Tyee Consolidated Mining Co. v. Langstedt

GILBERT, Circuit Judge,

after stating the case as above, delivered the opinion of the court.

The writ of error presents the question whether, in the territory of Alaska, adverse possession of a mining claim, as against the locator thereof, or his successors in interest, can be initiated at any time before the issuance of a patent from the United States therefor.

Section 1042 of Carter’s Codes of Alaska (page 354) provides as follows: “The uninterrupted adverse notorious possession of real property under color and claim of title for seven years or more shall be conclusively presumed to give title thereto except as against the United States.”

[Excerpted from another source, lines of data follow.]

text \<open>Weighted AM-GM \<open>(a + b) u powr t \<le> a + b u\<close> with \<open>t = b / (a + b)\<close>, multiplied over \<open>A\<close>.\<close>

lemma prod_add_mult_ge_power:
  fixes a b :: real and u :: "'a \<Rightarrow> real"
  assumes "a \<ge> 0" "b \<ge> 0" "\<And>k. k \<in> A \<Longrightarrow> u k > 0" "(\<Prod>k\<in>A. u k) \<ge> 1"
  shows "(a + b) ^ card A \<le> (\<Prod>k\<in>A. a + b * u k)"
proof (cases "b = 0")
  case True
  then show ?thesis by simp
next
  case False
  define t where "t = b / (a + b)"
  have ab: "a + b > 0" using assms(1,2) False by simp
  have factor: "(a + b) * u k powr t \<le> a + b * u k" if "k \<in> A" for k
  proof -
    have "a / (a + b) + t = 1" using ab by (simp add: t_def flip: add_divide_distrib)
    then have "u k powr t \<le> a / (a + b) + t * u k"
      using Youngs_inequality_0[of "a / (a + b)" t 1 "u k"] assms(1,2) assms(3)[OF that] ab
      by (simp add: t_def)
    also have "\<dots> = (a + b * u k) / (a + b)" by (simp add: t_def add_divide_distrib)
    finally show ?thesis using ab by (simp add: pos_le_divide_eq mult.commute)
  qed
  have "1 \<le> (\<Prod>k\<in>A. u k) powr t"
    using assms(2,4) ab by (intro ge_one_powr_ge_zero) (simp_all add: t_def)
  then have "(a + b) ^ card A \<le> (a + b) ^ card A * (\<Prod>k\<in>A. u k) powr t"
    using ab by (simp add: mult_le_cancel_left1)
  also have "\<dots> = (\<Prod>k\<in>A. (a + b) * u k powr t)"
    by (simp add: prod_powr_distrib prod.distrib)
  also have "\<dots> \<le> (\<Prod>k\<in>A. a + b * u k)"
    using factor ab by (intro prod_mono) auto
  finally show ?thesis .
qed

lemma norm_of_real_sub_mult_sq:
  fixes x y s :: real and z :: complex
  assumes "norm z = 1" "s ^ 2 = 1"
  shows "norm (of_real x - z * of_real y) ^ 2 = (x - s * y) ^ 2 + s * x * y * norm (of_real s - z) ^ 2"
proof -
  have "(Re z) ^ 2 + (Im z) ^ 2 = 1" using assms(1) cmod_power2[of z] by simp
  with assms(2) show ?thesis unfolding cmod_power2 by simp algebra
qed

lemma max_abs_sq_le:
  fixes x y :: real
  shows "3 / 4 * (max \<bar>x\<bar> \<bar>y\<bar>) ^ 2 \<le> x ^ 2 - \<bar>x * y\<bar> + y ^ 2"
proof -
  have "0 \<le> (\<bar>x\<bar> / 2 - \<bar>y\<bar>) ^ 2" "0 \<le> (\<bar>y\<bar> / 2 - \<bar>x\<bar>) ^ 2" by simp_all
  then show ?thesis
    by (auto simp: max_def abs_mult power2_eq_square algebra_simps)
qed

lemma cyclotomic_form_norm_sq_ge:
  fixes x y :: real
  assumes "n \<ge> 3"
  shows "(x ^ 2 - \<bar>x * y\<bar> + y ^ 2) ^ totient n \<le> norm (cyclotomic_form n (of_real x) (of_real y)) ^ 2"
proof -
  have n: "n > 0" using assms by simp
  define s :: real where "s = (if x * y \<ge> 0 then 1 else -1)"
  have s: "s ^ 2 = 1" "s * x * y = \<bar>x * y\<bar>" "(x - s * y) ^ 2 + \<bar>x * y\<bar> = x ^ 2 - \<bar>x * y\<bar> + y ^ 2"
    by (auto simp: s_def power2_eq_square algebra_simps)
  have s_not_root: "of_real s - z \<noteq> 0" if "z \<in> primitive_roots_unity n" for z
    using that assms one_notin_primitive_roots_unity minus_one_notin_primitive_roots_unity
    by (auto simp: s_def)
  have "(\<Prod>z\<in>primitive_roots_unity n. norm (of_real s - z) ^ 2)
      = (\<Prod>z\<in>primitive_roots_unity n. norm (of_real s - z)) ^ 2"
    by (simp add: prod_power_distrib)
  also have "\<dots> \<ge> 1"
    using prod_norm_sub_primitive_roots_unity_ge_1[OF assms, of "of_real s"]
    by (simp add: s_def one_le_power split: if_splits)
  finally have prod_ge_1: "(\<Prod>z\<in>primitive_roots_unity n. norm (of_real s - z) ^ 2) \<ge> 1" .
  have "norm (cyclotomic_form n (of_real x) (of_real y)) ^ 2
      = (\<Prod>z\<in>primitive_roots_unity n. norm (of_real x - z * of_real y) ^ 2)"
    by (simp add: cyclotomic_form_eq_prod[OF n] prod_power_distrib flip: prod_norm)
  also have "\<dots> = (\<Prod>z\<in>primitive_roots_unity n. (x - s * y) ^ 2 + \<bar>x * y\<bar> * norm (of_real s - z) ^ 2)"
    using norm_of_real_sub_mult_sq[OF norm_primitive_root_unity[OF n] s(1)] s(2)
    by (intro prod.cong) auto
  also have "\<dots> \<ge> ((x - s * y) ^ 2 + \<bar>x * y\<bar>) ^ card (primitive_roots_unity n)"
    using s_not_root prod_ge_1 by (intro prod_add_mult_ge_power) auto
  finally show ?thesis by (simp add: s(3) card_primitive_roots_unity[OF n])
qed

Section 4 of the same Codes, at page 146, provides that actions shall be commenced within 10 years — “For the recovery of real property, or for the recovery of the pos*361session thereof; and no action shall be maintained for such recovery unless it shall appear that the plaintiff, his anees - tor, predecessor, or grantor was seized or possessed of the premises in question within ten years before the commencement of the action: provided, in all cases where a cause of action has already accrued, and the period prescribed in this section within which an action may be brought has expired or will expire within one year from the approval of this act, an action may be brought on such cause of action within one year from the date of the approval of the act.”

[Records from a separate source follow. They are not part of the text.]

theorem mainTheorem7:
  fixes f :: "real \<Rightarrow> complex" and L :: real
  assumes "closed_arclength_curve f L"
    and "rotation_number f L \<ge> 1"
  shows "4 * pi\<^sup>2 * I_tilde_minus1 f L \<le> I0 f L"
proof -
  define n where "n = rotation_number f L"
  define t where "t = (\<lambda>k. (of_int k - n)\<^sup>2 * (cmod (fourier_coeff f L k))\<^sup>2)"
  have L: "L > 0"
    using assms(1) unfolding closed_arclength_curve_def by simp
  have "sum t K \<le> L ^ 3 / (16 * pi ^ 4) * I0 f L" if "finite K" "K \<subseteq> UNIV - {0}" for K
  proof -
    have "sum t K \<le> (\<Sum>k\<in>K. (k * (k - n))\<^sup>2 * (cmod (fourier_coeff f L k))\<^sup>2)"
      unfolding t_def using that(2) by (intro sum_shifted_square_le_weighted) auto
    also have "\<dots> \<le> L ^ 3 / (16 * pi ^ 4) * I0 f L"
      using weighted_fourier_coeff_sum_le_I0[OF assms(1) that(1)] L
      by (simp add: n_def field_simps)
    finally show ?thesis .
  qed
  then have "infsum t (UNIV - {0}) \<le> L ^ 3 / (16 * pi ^ 4) * I0 f L"
    by (rule infsum_le_of_finite_sums_le)
  then have "16 * pi ^ 4 / L ^ 3 * infsum t (UNIV - {0}) \<le> I0 f L"
    using L by (simp add: field_simps)
  moreover have "4 * pi\<^sup>2 * I_tilde_minus1 f L = 16 * pi ^ 4 / L ^ 3 * infsum t (UNIV - {0})"
    unfolding I_tilde_minus1_def t_def n_def by (simp add: eval_nat_numeral)
  ultimately show ?thesis
    by simp
qed

end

The Codes in which these provisions are found were approved on June 6, 1900. The present action was begun on December 24, 1900. It is plain that the provision first above quoted has no application to the present case. This is made clear by the proviso of section 4, above quoted, which extends the right of action for a period of one year from the approval of the act, and by that portion of section 368, p. 432, of the Codes, which declares that “no person shall be deprived of any existing legal right or remedy by reason of the passage .of this act.” Prior to the adoption of the Codes, adverse possession, in order to give title, was required to be continuous for a period of 10 years. Parker v. Metzger, 12 Or. 407, 7 P. 518.

It is well settled that the statute of limitations begins to run against a grantee under the general land laws of the United States only from the date when he acquires the title, and that an occupancy by another prior to that time will not be deemed adverse to the title of such grantee. But there is diversity of opinion as to the precise time when the title passes from the government to an entryman upon the public lands. In the majority of cases it is held that no title passes until the patent issues. Redfield v. Parks, 132 U.S. 239, 10 S.Ct. 83, 33 L.Ed. 327; Simmons v. Ogle, 105 U.S. 271, 26 L.Ed. 1087; Gibson v. Chouteau, 13 Wall. 92, 20 L.Ed. 534; Godkin v. Cohn, 80 F. 458, 25 C.C.A. 557; Mathews v. Ferrea, 45 Cal. 51; Smith v. McCorkle, 105 Mo. 135, 16 S.W. 602; Steele v. Boley, 6 Utah, 308, 22 P. 311; Treadway v. Wilder, 12 Nev. 108; Stephens v. Moore, 116 Ala. 397, 22 So. 542; Schuttler v. *362Piatt, 12 Ill. 417; Clark v. Southard, 16 Ohio St. 408; Churchill v. Sowards, 78 Iowa, 472, 43 N.W. 271.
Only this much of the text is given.